**Problem**. Begin at the first line of the records below and, please, give each line again exactly until the line with "qed (use assms(2) in simp)" is included.
Segment Start: Task material
lemma rep_iso_zero_rep:
  assumes M: "is_rep m n S M" and "\<And>x. x \<in> S \<Longrightarrow> dimv M x = 0"
  shows "rep_iso m n S M zero_rep"
proof (rule rep_iso_of_eq_on[OF M])
  fix x y assume xy: "x \<in> S" "y \<in> S" "reach m n x y"
  then have "mapv M x y \<in> carrier_mat 0 0" using is_rep_mapv_carrier[OF M xy] assms(2) by simp
  then show "mapv zero_rep x y = mapv M x y" by (intro eq_matI) auto
qed (use assms(2) in simp)

lemma sum_dimv_less_if_dsum2:
  assumes "finite S" and "\<And>x. x \<in> S \<Longrightarrow> dimv M x = dimv A x + dimv B x" and "nonzero_rep S B"
  shows "(\<Sum>x\<in>S. dimv A x) < (\<Sum>x\<in>S. dimv M x)"
proof -
  obtain b where "b \<in> S" "dimv B b \<noteq> 0" using assms(3) unfolding nonzero_rep_def by blast
  then have "(\<Sum>x\<in>S. dimv A x) < (\<Sum>x\<in>S. dimv A x + dimv B x)"
    using assms(1) by (intro sum_strict_mono_ex1) auto
  then show ?thesis using assms(2) by simp
qed

lemma indecomposable_decomposition_exists:
  assumes "finite S" and "is_rep m n S (M :: 'a::field rep)"
  shows "\<exists>Ns. (\<forall>L\<in>set Ns. indecomposable m n S L) \<and> rep_iso m n S M (dsum Ns)"
  using assms(2)
proof (induct "\<Sum>x\<in>S. dimv M x" arbitrary: M rule: less_induct)
  case less
  consider "\<not> nonzero_rep S M" | "indecomposable m n S M"
    | A B where "is_rep m n S A" "is_rep m n S B" "nonzero_rep S A" "nonzero_rep S B"
        "rep_iso m n S M (dsum2 A B)"
    using less.prems unfolding indecomposable_def by blast
  then show ?case
  proof cases
    case 1
    then have "rep_iso m n S M (dsum [])"
      using rep_iso_zero_rep[OF less.prems] unfolding nonzero_rep_def by simp
    then show ?thesis by (intro exI[of _ "[]"]) simp
  next
    case 2
    then show ?thesis using rep_iso_dsum_single[OF less.prems] by (intro exI[of _ "[M]"]) simp
  next
    case 3
    note A = \<open>is_rep m n S A\<close> and B = \<open>is_rep m n S B\<close> and MAB = \<open>rep_iso m n S M (dsum2 A B)\<close>
    have dim: "dimv M x = dimv A x + dimv B x" "dimv M x = dimv B x + dimv A x" if "x \<in> S" for x
      using rep_iso_dimv[OF MAB that] by simp_all
    obtain NA where NA: "\<forall>L\<in>set NA. indecomposable m n S L" "rep_iso m n S A (dsum NA)"
      using less.hyps[OF sum_dimv_less_if_dsum2[OF assms(1) dim(1) 3(4)] A] by blast
    obtain NB where NB: "\<forall>L\<in>set NB. indecomposable m n S L" "rep_iso m n S B (dsum NB)"
      using less.hyps[OF sum_dimv_less_if_dsum2[OF assms(1) dim(2) 3(3)] B] by blast
    have NA': "is_rep m n S L" if "L \<in> set NA" for L using NA that unfolding indecomposable_def by blast
    have NB': "is_rep m n S L" if "L \<in> set NB" for L using NB that unfolding indecomposable_def by blast
    have rNA: "is_rep m n S (dsum NA)" and rNB: "is_rep m n S (dsum NB)"
      using is_rep_dsum NA' NB' by blast+
    have rAB: "is_rep m n S (dsum2 A B)" and rNAB: "is_rep m n S (dsum2 (dsum NA) (dsum NB))"
      using is_rep_dsum2 A B rNA rNB by blast+
    have rNANB: "is_rep m n S (dsum (NA @ NB))" by (rule is_rep_dsum) (use NA' NB' in auto)
    have "rep_iso m n S (dsum2 A B) (dsum (NA @ NB))"
      using rep_iso_trans[OF rAB rNAB rNANB rep_iso_dsum2_cong[OF A rNA B rNB NA(2) NB(2)]
          rep_iso_dsum_append[OF NA' NB']] .
    then have "rep_iso m n S M (dsum (NA @ NB))" by (rule rep_iso_trans[OF less.prems rAB rNANB MAB])
    moreover have "\<forall>L\<in>set (NA @ NB). indecomposable m n S L" using NA NB by auto
    ultimately show ?thesis by blast
  qed
qed

lemma indecomposable_decomposition_singleton:
  assumes M: "indecomposable m n S M" and Ns: "\<forall>L\<in>set Ns. indecomposable m n S L"
    and MNs: "rep_iso m n S M (dsum Ns)"
  shows "\<exists>L. Ns = [L]"
proof (cases Ns)
  case Nil
  obtain x where "x \<in> S" "dimv M x \<noteq> 0" using M unfolding indecomposable_def nonzero_rep_def by blast
  then show ?thesis using rep_iso_dimv[OF MNs] Nil by simp
next
  case (Cons L rest)
  have "rest = []"
  proof (rule ccontr)
    assume "rest \<noteq> []"
    then obtain L' where "L' \<in> set rest" by (cases rest) auto
    then obtain x where x: "x \<in> S" "dimv L' x \<noteq> 0"
      using Ns Cons unfolding indecomposable_def nonzero_rep_def by auto
    moreover have "dimv L' x \<le> dimv (dsum rest) x"
      using \<open>L' \<in> set rest\<close> by (rule dimv_le_dimv_dsum)
    ultimately have "nonzero_rep S (dsum rest)" unfolding nonzero_rep_def by (intro bexI[OF _ x(1)]) simp
    moreover have "is_rep m n S (dsum rest)" using Ns Cons unfolding indecomposable_def
      by (intro is_rep_dsum) auto
    ultimately show False using M Ns MNs Cons unfolding indecomposable_def by auto
  qed
  then show ?thesis using Cons by blast
qed

lemma multiplicity_rep_indecomposable:
  assumes M: "indecomposable m n S M" and N: "is_rep m n S N" and MN: "rep_iso m n S M N"
  shows "multiplicity_rep m n S M N = 1"
  unfolding multiplicity_rep_def
proof (rule the_equality)
  have M': "is_rep m n S M" using M unfolding indecomposable_def by blast
  show "\<exists>Ns. (\<forall>L\<in>set Ns. indecomposable m n S L) \<and> rep_iso m n S M (dsum Ns) \<and>
      length (filter (\<lambda>L. rep_iso m n S L N) Ns) = 1"
    using M MN rep_iso_dsum_single[OF M'] by (intro exI[of _ "[M]"]) simp
next
  fix k assume "\<exists>Ns. (\<forall>L\<in>set Ns. indecomposable m n S L) \<and> rep_iso m n S M (dsum Ns) \<and>
      length (filter (\<lambda>L. rep_iso m n S L N) Ns) = k"
  then obtain Ns where Ns: "\<forall>L\<in>set Ns. indecomposable m n S L" "rep_iso m n S M (dsum Ns)"
    and k: "length (filter (\<lambda>L. rep_iso m n S L N) Ns) = k" by blast
  obtain L where L: "Ns = [L]" using indecomposable_decomposition_singleton[OF M Ns] by blast
  have M': "is_rep m n S M" and L': "is_rep m n S L"
    using M Ns L unfolding indecomposable_def by auto
  have L1: "is_rep m n S (dsum [L])" by (rule is_rep_dsum) (use L' in simp)
  have "rep_iso m n S L M"
    using rep_iso_trans[OF L' L1 M' rep_iso_dsum_single[OF L'] rep_iso_sym[OF M' L1 Ns(2)[unfolded L]]] .
  then have "rep_iso m n S L N" by (rule rep_iso_trans[OF L' M' N _ MN])
  then show "k = 1" using k unfolding L by simp
qed

lemma multiplicity_rep_eq_0:
  assumes "finite S" and M: "is_rep m n S M"
    and x: "x \<in> S" "dimv M x = 0" "dimv N x \<noteq> 0"
  shows "multiplicity_rep m n S M N = 0"
proof -
  have no_summand: "filter (\<lambda>L. rep_iso m n S L N) Ns = []" if "rep_iso m n S M (dsum Ns)" for Ns
  proof -
    have "dimv L x = 0" if "L \<in> set Ns" for L
      using dimv_le_dimv_dsum[OF that, of x] rep_iso_dimv[OF \<open>rep_iso m n S M (dsum Ns)\<close> x(1)] x(2)
      by simp
    then show ?thesis using rep_iso_dimv[of m n S _ N, OF _ x(1)] x(3) by (auto simp: filter_empty_conv)
  qed
  show ?thesis
    unfolding multiplicity_rep_def
    using indecomposable_decomposition_exists[OF assms(1) M] no_summand by (intro the_equality) auto
qed

lemma finite_grid: "finite (grid m n)"
proof -
  have "grid m n \<subseteq> {1..m} \<times> {1..n}" unfolding grid_def by auto
  then show ?thesis by (rule finite_subset) simp
qed

lemma arrow_reach: "(x, y) \<in> arrows m n \<Longrightarrow> reach m n x y"
  unfolding reach_def arrows_def by auto

lemma sources_sinks_subset: "sources_sinks m n I \<subseteq> I"
  unfolding sources_sinks_def by auto

lemma sources_sinks_below:
  assumes "I \<subseteq> grid m n" and "v \<in> I"
  shows "\<exists>s\<in>sources_sinks m n I. reach m n s v"
  using assms(2)
proof (induct "fst v + snd v" arbitrary: v rule: less_induct)
  case less
  show ?case
  proof (cases "\<exists>y\<in>I. (y, v) \<in> arrows m n")
    case False
    then show ?thesis using less.prems assms(1) unfolding sources_sinks_def reach_def by blast
  next
    case True
    then obtain y where y: "y \<in> I" "(y, v) \<in> arrows m n" by blast
    then have "fst y + snd y < fst v + snd v" unfolding arrows_def by auto
    then show ?thesis using less.hyps y reach_trans arrow_reach by blast
  qed
qed

lemma sources_sinks_above:
  assumes "I \<subseteq> grid m n" and "v \<in> I"
  shows "\<exists>t\<in>sources_sinks m n I. reach m n v t"
  using assms(2)
proof (induct "m + n - (fst v + snd v)" arbitrary: v rule: less_induct)
  case less
  show ?case
  proof (cases "\<exists>y\<in>I. (v, y) \<in> arrows m n")
    case False
    then show ?thesis using less.prems assms(1) unfolding sources_sinks_def reach_def by blast
  next
    case True
    then obtain y where y: "y \<in> I" "(v, y) \<in> arrows m n" by blast
    then have "m + n - (fst y + snd y) < m + n - (fst v + snd v)"
      unfolding arrows_def grid_def by auto
    then show ?thesis using less.hyps y reach_trans arrow_reach by blast
  qed
qed

lemma interval_subset_if_sources_sinks_subset:
  assumes "I \<subseteq> grid m n" and J: "is_interval m n J" and "sources_sinks m n I \<subseteq> J"
  shows "I \<subseteq> J"
proof
  fix v assume "v \<in> I"
  then obtain s t where "s \<in> sources_sinks m n I" "reach m n s v" "t \<in> sources_sinks m n I" "reach m n v t"
    using sources_sinks_below sources_sinks_above assms(1) by metis
  then show "v \<in> J" using J assms(3) unfolding is_interval_def by blast
qed

definition comparable :: "nat \<Rightarrow> nat \<Rightarrow> (nat \<times> nat) set \<Rightarrow> ((nat \<times> nat) \<times> (nat \<times> nat)) set" where
  "comparable m n S = {(x, y). x \<in> S \<and> y \<in> S \<and> (reach m n x y \<or> reach m n y x)}"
Segment End: Task material
**Response**.
lemma rep_iso_zero_rep:
  assumes M: "is_rep m n S M" and "\<And>x. x \<in> S \<Longrightarrow> dimv M x = 0"
  shows "rep_iso m n S M zero_rep"
proof (rule rep_iso_of_eq_on[OF M])
  fix x y assume xy: "x \<in> S" "y \<in> S" "reach m n x y"
  then have "mapv M x y \<in> carrier_mat 0 0" using is_rep_mapv_carrier[OF M xy] assms(2) by simp
  then show "mapv zero_rep x y = mapv M x y" by (intro eq_matI) auto
qed (use assms(2) in simp)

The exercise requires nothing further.